1 Source: U.S. Bureaus of Labor Statistics & Economic Analysis. As of October 31, 2024.

Disclosures

The information provided is illustrative and for educational and informational purposes only and does not constitute investment advice and it should not be relied on as such. It should not be considered a solicitation to buy or an offer to sell a security. It does not take into account any investor's particular investment objectives, strategies, tax status or investment horizon. You should consult your attorney or tax advisor.

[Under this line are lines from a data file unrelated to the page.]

(* Let $n\ge1$, let $G^\star=([n],E^\star)$ be a directed graph (directed cycles allowed), let $S_1=\operatorname{argmin}_{(\mathcal P,\pi)\in\mathcal S}|E^{(1)}_{(\mathcal P,\pi)}|$ and $S_2=\operatorname{argmin}_{(\mathcal P,\pi)\in S_1}|E^{(2)}_{(\mathcal P,\pi)}|$. Then (i) the partially ordered partition associated with $G^\star$ belongs to $S_2$, and (ii) for every $(\mathcal P,\pi)\in S_2$, $E^{(2)}_{(\mathcal P,\pi)}$ equals the set of unshielded conductors in $G^\star$.
   Context: $[n]=\{1,\dots,n\}$. The observed distribution is Markov and faithful to $G^\star$; for distinct $a,b$ and $Z\subseteq[n]\setminus\{a,b\}$, $a\perp\!\!\!\perp b\mid Z$ means $a$ and $b$ are $d$-separated given $Z$ in $G^\star$, and $a\not\perp\!\!\!\perp b\mid Z$ is its negation. In a directed graph, $a$ is an ancestor of $b$ if $a=b$ or there is a directed path from $a$ to $b$. Distinct $a,b$ are $p$-adjacent in a directed graph $G$ if there is an edge between them, or they have a common child which is an ancestor of $a$ or of $b$. A triple $(a,b,c)$ such that $a,c$ are not $p$-adjacent while $a,b$ and $c,b$ are $p$-adjacent is an unshielded conductor if $b$ is an ancestor of $a$ or of $c$, and an unshielded non-conductor otherwise. $\mathcal S$ is the set of pairs $(\mathcal P,\pi)$ with $\mathcal P$ a partition of $[n]$ and $\pi$ a partial order on $\mathcal P$; $C_1\le_\pi C_2$ iff $(C_1,C_2)\in\pi$; $C_{i,\mathcal P}$ is the block containing $i$; $C\le_\pi\max\{C_1,\dots,C_t\}$ means $C\le_\pi C_i$ for some $i$. The strongly connected components of a directed graph $G$ are the classes of $i\sim j$ iff $i=j$ or there are directed paths $i\to j$ and $j\to i$; on them $C_1\le_G C_2$ iff $C_1=C_2$ or there is a directed path from a vertex of $C_1$ to a vertex of $C_2$. The partially ordered partition associated with $G$ is (its set of strongly connected components, $\le_G$). $E^{(1)}_{(\mathcal P,\pi)}=\{(a,b)\in[n]^2: a\ne b,\ a\not\perp\!\!\!\perp b\mid\bigcup\{C\in\mathcal P: C\le_\pi\max\{C_{a,\mathcal P},C_{b,\mathcal P}\}\}\setminus\{a,b\}\}$. $E^{(2)}_{(\mathcal P,\pi)}$ is the set of $(a,b,c)\in[n]^3$ with $a,b,c$ distinct, $(a,b),(c,b)\in E^{(1)}_{(\mathcal P,\pi)}$, $(a,c)\notin E^{(1)}_{(\mathcal P,\pi)}$ and $C_{b,\mathcal P}\le_\pi\max\{C_{a,\mathcal P},C_{c,\mathcal P}\}$. *)

theory Defs
  imports Main "HOL-Library.Disjoint_Sets"
begin

(* Vertex set [n] = {1..n}; a directed graph is an edge set E \<subseteq> [n] \<times> [n]. *)

definition ancestor :: "(nat \<times> nat) set \<Rightarrow> nat \<Rightarrow> nat \<Rightarrow> bool" where
  "ancestor E a b \<longleftrightarrow> (a, b) \<in> E\<^sup>*"

(* A path between a and b: distinct vertices vs, with ds!i giving the orientation of the
   edge used between vs!i and vs!(i+1) (True: vs!i \<rightarrow> vs!(i+1), False: vs!(i+1) \<rightarrow> vs!i).
   It is d-connecting given Z if every collider is an ancestor of some element of Z and
   every non-collider (interior vertex) is not in Z. *)
definition d_connecting_path ::
  "(nat \<times> nat) set \<Rightarrow> nat \<Rightarrow> nat \<Rightarrow> nat set \<Rightarrow> nat list \<Rightarrow> bool list \<Rightarrow> bool" where
  "d_connecting_path E a b Z vs ds \<longleftrightarrow>
     distinct vs \<and> 2 \<le> length vs \<and> hd vs = a \<and> last vs = b \<and>
     length ds = length vs - 1 \<and>
     (\<forall>i < length ds. if ds ! i then (vs ! i, vs ! Suc i) \<in> E else (vs ! Suc i, vs ! i) \<in> E) \<and>
     (\<forall>i. 0 < i \<and> i < length ds \<longrightarrow>
        (if ds ! (i - 1) \<and> \<not> ds ! i
         then (\<exists>z\<in>Z. ancestor E (vs ! i) z)
         else vs ! i \<notin> Z))"

definition d_separated :: "(nat \<times> nat) set \<Rightarrow> nat \<Rightarrow> nat \<Rightarrow> nat set \<Rightarrow> bool" where
  "d_separated E a b Z \<longleftrightarrow> \<not> (\<exists>vs ds. d_connecting_path E a b Z vs ds)"

definition p_adjacent :: "(nat \<times> nat) set \<Rightarrow> nat \<Rightarrow> nat \<Rightarrow> bool" where
  "p_adjacent E a b \<longleftrightarrow> a \<noteq> b \<and>
     ((a, b) \<in> E \<or> (b, a) \<in> E \<or>
      (\<exists>c. (a, c) \<in> E \<and> (b, c) \<in> E \<and> (ancestor E c a \<or> ancestor E c b)))"

definition unshielded_conductors :: "nat \<Rightarrow> (nat \<times> nat) set \<Rightarrow> (nat \<times> nat \<times> nat) set" where
  "unshielded_conductors n E = {(a, b, c). a \<in> {1..n} \<and> b \<in> {1..n} \<and> c \<in> {1..n} \<and>
     distinct [a, b, c] \<and> \<not> p_adjacent E a c \<and> p_adjacent E a b \<and> p_adjacent E c b \<and>
     (ancestor E b a \<or> ancestor E b c)}"

definition POP :: "nat \<Rightarrow> (nat set set \<times> (nat set \<times> nat set) set) set" where
  "POP n = {(P, \<pi>). partition_on {1..n} P \<and> partial_order_on P \<pi>}"

definition blk :: "nat set set \<Rightarrow> nat \<Rightarrow> nat set" where
  "blk P i = (THE C. C \<in> P \<and> i \<in> C)"

definition E1 :: "nat \<Rightarrow> (nat \<times> nat) set \<Rightarrow> nat set set \<times> (nat set \<times> nat set) set \<Rightarrow> (nat \<times> nat) set" where
  "E1 n E s = (case s of (P, \<pi>) \<Rightarrow>
     {(a, b). a \<in> {1..n} \<and> b \<in> {1..n} \<and> a \<noteq> b \<and>
       \<not> d_separated E a b
          (\<Union>{C \<in> P. (C, blk P a) \<in> \<pi> \<or> (C, blk P b) \<in> \<pi>} - {a, b})})"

The views expressed in this commentary are subject to change based on market and other conditions. This document may contain certain statements that may be deemed forward looking statements. Please note that any such statements are not guarantees of any future performance and actual results or developments may differ materially from those projected. Any projections, market outlooks, or estimates are based upon certain assumptions and should not be construed as indicative of actual events that will occur. Certain targets within the presentation are estimates based on certain assumptions and analysis made by the advisor. There is no guarantee that the estimates will be achieved.

All information has been obtained from sources believed to be reliable, but its accuracy is not guaranteed. There is no representation or warranty as to the current accuracy, reliability or completeness of, nor liability for, decisions based on such information and it should not be relied on as such.